What you will do. The response must consist of all the records, retyped exactly.

»»

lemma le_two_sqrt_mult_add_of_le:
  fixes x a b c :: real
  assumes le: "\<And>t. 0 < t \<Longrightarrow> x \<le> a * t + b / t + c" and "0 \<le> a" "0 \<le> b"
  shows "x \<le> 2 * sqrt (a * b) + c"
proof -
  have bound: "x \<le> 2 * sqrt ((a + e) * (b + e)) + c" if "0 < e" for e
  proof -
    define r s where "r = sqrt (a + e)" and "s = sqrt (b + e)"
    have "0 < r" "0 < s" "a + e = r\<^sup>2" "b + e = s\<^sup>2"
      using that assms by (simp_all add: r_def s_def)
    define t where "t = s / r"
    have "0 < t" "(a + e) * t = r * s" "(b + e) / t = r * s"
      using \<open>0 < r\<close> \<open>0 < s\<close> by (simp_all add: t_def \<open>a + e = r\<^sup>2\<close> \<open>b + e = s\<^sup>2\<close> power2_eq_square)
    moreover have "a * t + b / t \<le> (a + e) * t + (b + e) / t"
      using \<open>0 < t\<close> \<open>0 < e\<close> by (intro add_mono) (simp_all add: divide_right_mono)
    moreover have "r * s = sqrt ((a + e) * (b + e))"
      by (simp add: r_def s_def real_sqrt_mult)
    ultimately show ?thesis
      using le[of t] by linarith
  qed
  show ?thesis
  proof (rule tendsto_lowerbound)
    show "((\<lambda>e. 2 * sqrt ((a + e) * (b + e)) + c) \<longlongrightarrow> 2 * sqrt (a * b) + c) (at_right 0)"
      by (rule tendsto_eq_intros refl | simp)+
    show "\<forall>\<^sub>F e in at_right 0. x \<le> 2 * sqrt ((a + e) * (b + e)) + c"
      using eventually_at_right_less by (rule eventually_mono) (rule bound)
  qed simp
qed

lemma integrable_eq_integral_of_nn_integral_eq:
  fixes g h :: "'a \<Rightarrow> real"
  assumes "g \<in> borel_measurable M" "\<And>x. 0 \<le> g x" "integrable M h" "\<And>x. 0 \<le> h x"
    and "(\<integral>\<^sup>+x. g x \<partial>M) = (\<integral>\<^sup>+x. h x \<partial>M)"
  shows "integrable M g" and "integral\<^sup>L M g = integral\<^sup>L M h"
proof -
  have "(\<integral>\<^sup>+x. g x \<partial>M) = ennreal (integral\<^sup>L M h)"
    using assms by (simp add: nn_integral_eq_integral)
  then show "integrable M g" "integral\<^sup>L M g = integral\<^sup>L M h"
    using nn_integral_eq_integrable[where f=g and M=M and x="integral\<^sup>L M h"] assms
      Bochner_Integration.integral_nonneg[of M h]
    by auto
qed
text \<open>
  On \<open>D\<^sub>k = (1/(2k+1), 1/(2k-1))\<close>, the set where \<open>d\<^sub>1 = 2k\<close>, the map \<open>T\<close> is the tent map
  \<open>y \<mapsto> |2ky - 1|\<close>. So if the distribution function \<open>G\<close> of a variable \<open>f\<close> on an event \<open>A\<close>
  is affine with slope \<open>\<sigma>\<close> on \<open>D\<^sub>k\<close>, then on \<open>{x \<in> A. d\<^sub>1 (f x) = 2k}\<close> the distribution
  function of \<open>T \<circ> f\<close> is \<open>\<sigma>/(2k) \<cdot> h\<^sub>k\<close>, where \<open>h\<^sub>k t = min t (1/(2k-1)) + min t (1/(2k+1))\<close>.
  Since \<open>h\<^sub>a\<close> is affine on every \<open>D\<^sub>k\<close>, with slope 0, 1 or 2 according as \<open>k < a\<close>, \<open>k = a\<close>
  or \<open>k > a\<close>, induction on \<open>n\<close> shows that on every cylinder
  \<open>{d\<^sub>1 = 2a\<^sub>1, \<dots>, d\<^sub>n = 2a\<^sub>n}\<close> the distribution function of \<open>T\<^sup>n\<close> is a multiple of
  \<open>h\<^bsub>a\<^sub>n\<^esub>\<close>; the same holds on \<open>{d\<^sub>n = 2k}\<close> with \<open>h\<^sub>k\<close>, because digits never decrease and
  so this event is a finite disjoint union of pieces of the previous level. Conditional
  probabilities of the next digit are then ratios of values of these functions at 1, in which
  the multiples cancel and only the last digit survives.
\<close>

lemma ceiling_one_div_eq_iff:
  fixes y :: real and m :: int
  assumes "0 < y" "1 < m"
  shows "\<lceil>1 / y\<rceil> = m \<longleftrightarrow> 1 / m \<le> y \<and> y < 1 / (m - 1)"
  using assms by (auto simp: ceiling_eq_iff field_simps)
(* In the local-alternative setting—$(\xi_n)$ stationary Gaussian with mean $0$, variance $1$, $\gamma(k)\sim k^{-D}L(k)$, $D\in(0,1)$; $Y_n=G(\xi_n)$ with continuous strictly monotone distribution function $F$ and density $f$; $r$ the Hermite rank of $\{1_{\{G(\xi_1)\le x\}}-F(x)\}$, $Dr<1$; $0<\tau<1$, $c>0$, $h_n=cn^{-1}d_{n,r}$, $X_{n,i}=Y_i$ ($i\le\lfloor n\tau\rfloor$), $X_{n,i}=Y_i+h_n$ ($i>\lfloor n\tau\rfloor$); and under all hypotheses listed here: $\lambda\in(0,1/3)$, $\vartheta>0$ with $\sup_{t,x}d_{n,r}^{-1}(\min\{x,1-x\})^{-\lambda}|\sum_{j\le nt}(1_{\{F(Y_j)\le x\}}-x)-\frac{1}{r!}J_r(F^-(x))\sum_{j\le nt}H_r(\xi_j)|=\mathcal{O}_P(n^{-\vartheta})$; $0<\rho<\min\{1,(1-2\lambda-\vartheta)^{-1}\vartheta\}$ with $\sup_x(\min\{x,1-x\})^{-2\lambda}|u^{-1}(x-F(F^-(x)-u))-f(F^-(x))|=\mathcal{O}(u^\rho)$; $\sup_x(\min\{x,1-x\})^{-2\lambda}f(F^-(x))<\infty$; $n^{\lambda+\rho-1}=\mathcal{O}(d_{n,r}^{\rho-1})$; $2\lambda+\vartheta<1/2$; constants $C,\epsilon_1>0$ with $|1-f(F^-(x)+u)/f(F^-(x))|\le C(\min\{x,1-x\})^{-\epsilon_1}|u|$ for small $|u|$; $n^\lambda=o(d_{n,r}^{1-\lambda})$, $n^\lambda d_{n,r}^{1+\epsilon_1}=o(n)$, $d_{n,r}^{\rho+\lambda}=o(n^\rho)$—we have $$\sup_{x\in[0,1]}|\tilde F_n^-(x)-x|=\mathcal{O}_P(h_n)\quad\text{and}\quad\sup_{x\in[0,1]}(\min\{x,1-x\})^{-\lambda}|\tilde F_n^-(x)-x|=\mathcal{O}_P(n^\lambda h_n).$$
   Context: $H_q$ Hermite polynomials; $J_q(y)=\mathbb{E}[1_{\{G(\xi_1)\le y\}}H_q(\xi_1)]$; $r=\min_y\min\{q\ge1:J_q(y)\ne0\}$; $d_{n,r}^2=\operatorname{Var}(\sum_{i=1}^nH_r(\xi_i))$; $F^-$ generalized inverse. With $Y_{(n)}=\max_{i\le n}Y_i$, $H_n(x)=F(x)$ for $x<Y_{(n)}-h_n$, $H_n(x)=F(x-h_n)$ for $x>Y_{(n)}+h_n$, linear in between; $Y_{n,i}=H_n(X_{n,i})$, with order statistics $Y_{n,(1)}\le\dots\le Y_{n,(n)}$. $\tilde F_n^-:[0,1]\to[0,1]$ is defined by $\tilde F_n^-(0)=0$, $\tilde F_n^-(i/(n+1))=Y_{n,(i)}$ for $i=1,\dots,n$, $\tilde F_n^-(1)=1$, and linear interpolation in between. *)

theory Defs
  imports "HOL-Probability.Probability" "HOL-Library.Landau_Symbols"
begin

««

Solution for this task.
lemma le_two_sqrt_mult_add_of_le:
  fixes x a b c :: real
  assumes le: "\<And>t. 0 < t \<Longrightarrow> x \<le> a * t + b / t + c" and "0 \<le> a" "0 \<le> b"
  shows "x \<le> 2 * sqrt (a * b) + c"
proof -
  have bound: "x \<le> 2 * sqrt ((a + e) * (b + e)) + c" if "0 < e" for e
  proof -
    define r s where "r = sqrt (a + e)" and "s = sqrt (b + e)"
    have "0 < r" "0 < s" "a + e = r\<^sup>2" "b + e = s\<^sup>2"
      using that assms by (simp_all add: r_def s_def)
    define t where "t = s / r"
    have "0 < t" "(a + e) * t = r * s" "(b + e) / t = r * s"
      using \<open>0 < r\<close> \<open>0 < s\<close> by (simp_all add: t_def \<open>a + e = r\<^sup>2\<close> \<open>b + e = s\<^sup>2\<close> power2_eq_square)
    moreover have "a * t + b / t \<le> (a + e) * t + (b + e) / t"
      using \<open>0 < t\<close> \<open>0 < e\<close> by (intro add_mono) (simp_all add: divide_right_mono)
    moreover have "r * s = sqrt ((a + e) * (b + e))"
      by (simp add: r_def s_def real_sqrt_mult)
    ultimately show ?thesis
      using le[of t] by linarith
  qed
  show ?thesis
  proof (rule tendsto_lowerbound)
    show "((\<lambda>e. 2 * sqrt ((a + e) * (b + e)) + c) \<longlongrightarrow> 2 * sqrt (a * b) + c) (at_right 0)"
      by (rule tendsto_eq_intros refl | simp)+
    show "\<forall>\<^sub>F e in at_right 0. x \<le> 2 * sqrt ((a + e) * (b + e)) + c"
      using eventually_at_right_less by (rule eventually_mono) (rule bound)
  qed simp
qed

lemma integrable_eq_integral_of_nn_integral_eq:
  fixes g h :: "'a \<Rightarrow> real"
  assumes "g \<in> borel_measurable M" "\<And>x. 0 \<le> g x" "integrable M h" "\<And>x. 0 \<le> h x"
    and "(\<integral>\<^sup>+x. g x \<partial>M) = (\<integral>\<^sup>+x. h x \<partial>M)"
  shows "integrable M g" and "integral\<^sup>L M g = integral\<^sup>L M h"
proof -
  have "(\<integral>\<^sup>+x. g x \<partial>M) = ennreal (integral\<^sup>L M h)"
    using assms by (simp add: nn_integral_eq_integral)
  then show "integrable M g" "integral\<^sup>L M g = integral\<^sup>L M h"
    using nn_integral_eq_integrable[where f=g and M=M and x="integral\<^sup>L M h"] assms
      Bochner_Integration.integral_nonneg[of M h]
    by auto
qed
text \<open>
  On \<open>D\<^sub>k = (1/(2k+1), 1/(2k-1))\<close>, the set where \<open>d\<^sub>1 = 2k\<close>, the map \<open>T\<close> is the tent map
  \<open>y \<mapsto> |2ky - 1|\<close>. So if the distribution function \<open>G\<close> of a variable \<open>f\<close> on an event \<open>A\<close>
  is affine with slope \<open>\<sigma>\<close> on \<open>D\<^sub>k\<close>, then on \<open>{x \<in> A. d\<^sub>1 (f x) = 2k}\<close> the distribution
  function of \<open>T \<circ> f\<close> is \<open>\<sigma>/(2k) \<cdot> h\<^sub>k\<close>, where \<open>h\<^sub>k t = min t (1/(2k-1)) + min t (1/(2k+1))\<close>.
  Since \<open>h\<^sub>a\<close> is affine on every \<open>D\<^sub>k\<close>, with slope 0, 1 or 2 according as \<open>k < a\<close>, \<open>k = a\<close>
  or \<open>k > a\<close>, induction on \<open>n\<close> shows that on every cylinder
  \<open>{d\<^sub>1 = 2a\<^sub>1, \<dots>, d\<^sub>n = 2a\<^sub>n}\<close> the distribution function of \<open>T\<^sup>n\<close> is a multiple of
  \<open>h\<^bsub>a\<^sub>n\<^esub>\<close>; the same holds on \<open>{d\<^sub>n = 2k}\<close> with \<open>h\<^sub>k\<close>, because digits never decrease and
  so this event is a finite disjoint union of pieces of the previous level. Conditional
  probabilities of the next digit are then ratios of values of these functions at 1, in which
  the multiples cancel and only the last digit survives.
\<close>

lemma ceiling_one_div_eq_iff:
  fixes y :: real and m :: int
  assumes "0 < y" "1 < m"
  shows "\<lceil>1 / y\<rceil> = m \<longleftrightarrow> 1 / m \<le> y \<and> y < 1 / (m - 1)"
  using assms by (auto simp: ceiling_eq_iff field_simps)
(* In the local-alternative setting—$(\xi_n)$ stationary Gaussian with mean $0$, variance $1$, $\gamma(k)\sim k^{-D}L(k)$, $D\in(0,1)$; $Y_n=G(\xi_n)$ with continuous strictly monotone distribution function $F$ and density $f$; $r$ the Hermite rank of $\{1_{\{G(\xi_1)\le x\}}-F(x)\}$, $Dr<1$; $0<\tau<1$, $c>0$, $h_n=cn^{-1}d_{n,r}$, $X_{n,i}=Y_i$ ($i\le\lfloor n\tau\rfloor$), $X_{n,i}=Y_i+h_n$ ($i>\lfloor n\tau\rfloor$); and under all hypotheses listed here: $\lambda\in(0,1/3)$, $\vartheta>0$ with $\sup_{t,x}d_{n,r}^{-1}(\min\{x,1-x\})^{-\lambda}|\sum_{j\le nt}(1_{\{F(Y_j)\le x\}}-x)-\frac{1}{r!}J_r(F^-(x))\sum_{j\le nt}H_r(\xi_j)|=\mathcal{O}_P(n^{-\vartheta})$; $0<\rho<\min\{1,(1-2\lambda-\vartheta)^{-1}\vartheta\}$ with $\sup_x(\min\{x,1-x\})^{-2\lambda}|u^{-1}(x-F(F^-(x)-u))-f(F^-(x))|=\mathcal{O}(u^\rho)$; $\sup_x(\min\{x,1-x\})^{-2\lambda}f(F^-(x))<\infty$; $n^{\lambda+\rho-1}=\mathcal{O}(d_{n,r}^{\rho-1})$; $2\lambda+\vartheta<1/2$; constants $C,\epsilon_1>0$ with $|1-f(F^-(x)+u)/f(F^-(x))|\le C(\min\{x,1-x\})^{-\epsilon_1}|u|$ for small $|u|$; $n^\lambda=o(d_{n,r}^{1-\lambda})$, $n^\lambda d_{n,r}^{1+\epsilon_1}=o(n)$, $d_{n,r}^{\rho+\lambda}=o(n^\rho)$—we have $$\sup_{x\in[0,1]}|\tilde F_n^-(x)-x|=\mathcal{O}_P(h_n)\quad\text{and}\quad\sup_{x\in[0,1]}(\min\{x,1-x\})^{-\lambda}|\tilde F_n^-(x)-x|=\mathcal{O}_P(n^\lambda h_n).$$
   Context: $H_q$ Hermite polynomials; $J_q(y)=\mathbb{E}[1_{\{G(\xi_1)\le y\}}H_q(\xi_1)]$; $r=\min_y\min\{q\ge1:J_q(y)\ne0\}$; $d_{n,r}^2=\operatorname{Var}(\sum_{i=1}^nH_r(\xi_i))$; $F^-$ generalized inverse. With $Y_{(n)}=\max_{i\le n}Y_i$, $H_n(x)=F(x)$ for $x<Y_{(n)}-h_n$, $H_n(x)=F(x-h_n)$ for $x>Y_{(n)}+h_n$, linear in between; $Y_{n,i}=H_n(X_{n,i})$, with order statistics $Y_{n,(1)}\le\dots\le Y_{n,(n)}$. $\tilde F_n^-:[0,1]\to[0,1]$ is defined by $\tilde F_n^-(0)=0$, $\tilde F_n^-(i/(n+1))=Y_{n,(i)}$ for $i=1,\dots,n$, $\tilde F_n^-(1)=1$, and linear interpolation in between. *)

theory Defs
  imports "HOL-Probability.Probability" "HOL-Library.Landau_Symbols"
begin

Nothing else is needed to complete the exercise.